Use Case 2: Standard QC Workflow

gwaslab --input sumstats.tsv --fmt auto \
  --qc --remove --remove-dup --normalize \
  --out qc_sumstats --to-fmt gwaslab

Use Case 3: Prepare for LDSC

gwaslab --input sumstats.tsv --fmt gwaslab \
  --out ldsc_input --to-fmt ldsc --no-gzip

Use Case 4: Prepare for Meta-analysis

gwaslab --input sumstats.tsv --fmt auto \
  --qc --remove-dup \
  --harmonize --ref-seq ref.fasta --ref-rsid-vcf dbsnp.vcf.gz \
  --out meta_ready --to-fmt gwaslab --exclude-hla

Use Case 5: Extract Replication Set

gwaslab --input discovery.tsv --fmt gwaslab \
  --out replication --to-fmt gwaslab --hapmap3 --build 19

Troubleshooting

Issue: File not found

Error: FileNotFoundError: [Errno 2] No such file or directory

Solution: Check that the input file path is correct and accessible.
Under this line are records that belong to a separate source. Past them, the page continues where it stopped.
lemma expectation_covered_prefix_linear_le:
  fixes \<delta> k :: real
  assumes "ugraph V E" "V \<noteq> {}" "\<forall>v\<in>V. degree E v \<le> d"
    and "real m \<le> \<delta> * card V" "0 \<le> \<delta>" "\<delta> \<le> 1" "\<delta> * d \<le> k"
  shows "measure_pmf.expectation (pmf_of_set (permutations_of_set V))
           (\<lambda>\<pi>. real (card (covered_vertices E (set (take m \<pi>))))) \<le> k * m"
    (is "?X \<le> _")
proof (cases "m \<le> 1")
  case True
  have "covered_vertices E (set (take m \<pi>)) = {}" for \<pi>
    using assms(1) True card_length[of "take m \<pi>"]
    by (intro covered_vertices_eq_empty) (auto simp: ugraph_def)
  moreover have "k \<ge> 0"
    using order_trans[OF mult_nonneg_nonneg assms(7)] assms(5) by simp
  ultimately show ?thesis
    by simp
next
  case False
  define n where "n = card V"
  have "real m \<le> n"
    using assms(4-6) mult_left_le_one_le[of "real n" \<delta>] by (simp add: n_def)
  with False have "real n - 1 > 0" by simp
  have "(real n - 1) * ?X \<le> real d * real m * (real m - 1)"
    using expectation_covered_prefix_quadratic_le[OF assms(1-3)] \<open>real m \<le> n\<close> by (simp add: n_def)
  also have "\<dots> \<le> real d * real m * (\<delta> * (real n - 1))"
    using assms(4,6) by (intro mult_left_mono) (auto simp: algebra_simps n_def)
  also have "\<dots> \<le> (real n - 1) * (k * m)"
    using mult_right_mono[OF assms(7), of "real m * (real n - 1)"] \<open>real n - 1 > 0\<close>
    by (simp add: mult_ac)
  finally show ?thesis
    using \<open>real n - 1 > 0\<close> by simp
qed

theorem lemma9:
  "\<exists>C>0. \<forall>(V::'a set) E (d::nat) (k::real) (\<delta>::real).
     ugraph V E \<and> V \<noteq> {} \<and> d > 0 \<and> (\<forall>v\<in>V. degree E v \<le> d) \<and>
     0 < \<delta> \<and> \<delta> \<le> 1 \<and> \<delta> \<le> k / real d \<longrightarrow>
     measure_pmf.expectation (pmf_of_set (permutations_of_set V))
        (\<lambda>\<pi>. real (card (covered_vertices E (prefix_set \<delta> V \<pi>))))
     \<le> C * k * real (nat \<lfloor>\<delta> * real (card V)\<rfloor>)"
proof (intro exI[of _ 1] conjI allI impI)
  fix V :: "'a set" and E d and k \<delta> :: real
  assume "ugraph V E \<and> V \<noteq> {} \<and> d > 0 \<and> (\<forall>v\<in>V. degree E v \<le> d) \<and>
     0 < \<delta> \<and> \<delta> \<le> 1 \<and> \<delta> \<le> k / real d"
  then have G: "ugraph V E" "V \<noteq> {}" "\<forall>v\<in>V. degree E v \<le> d"
    and \<delta>: "0 < \<delta>" "\<delta> \<le> 1" "\<delta> \<le> k / d" and "d > 0"
    by simp_all
  then have "\<delta> * d \<le> k"
    by (simp add: pos_le_divide_eq)
  have "measure_pmf.expectation (pmf_of_set (permutations_of_set V))
      (\<lambda>\<pi>. real (card (covered_vertices E (set (take (nat \<lfloor>\<delta> * card V\<rfloor>) \<pi>)))))
      \<le> k * nat \<lfloor>\<delta> * card V\<rfloor>"
    by (rule expectation_covered_prefix_linear_le[OF G]) (use \<delta> \<open>\<delta> * d \<le> k\<close> in simp_all)
  then show "measure_pmf.expectation (pmf_of_set (permutations_of_set V))
        (\<lambda>\<pi>. real (card (covered_vertices E (prefix_set \<delta> V \<pi>))))
     \<le> 1 * k * real (nat \<lfloor>\<delta> * real (card V)\<rfloor>)"
    by (simp add: prefix_set_def)
qed simp

end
Issue: Format detection fails

Error: Format auto-detection doesn't work

Solution: Specify the format explicitly with --fmt:

gwaslab --input sumstats.tsv --fmt gwaslab --qc --out output --to-fmt gwaslab

Issue: Memory errors with large files

Error: Out of memory errors

Solution: - Use --threads 1 to reduce memory usage - Process in smaller chunks - Use --sweep-mode for harmonization

Issue: Reference file errors

Error: Reference file not found or invalid

Solution: - Verify reference file paths are correct - Check that reference files are properly formatted - Ensure VCF files are indexed if using VCF references

Getting Help

For more information:

# Show help message
gwaslab --help

# Show version
gwaslab version

For detailed documentation on specific functions, see: - QC & Filtering - Harmonization - Format - Standardization

Supported Formats

GWASLab supports many input and output formats through the formatbook repository. Common formats include:

  • Input: auto, gwaslab, plink, ldsc, vcf, and many more
  • Output: gwaslab, ldsc, plink, plink2, saige, fastgwa, regenie, vcf, and many more

Check the formatbook repository for the complete list of supported formats.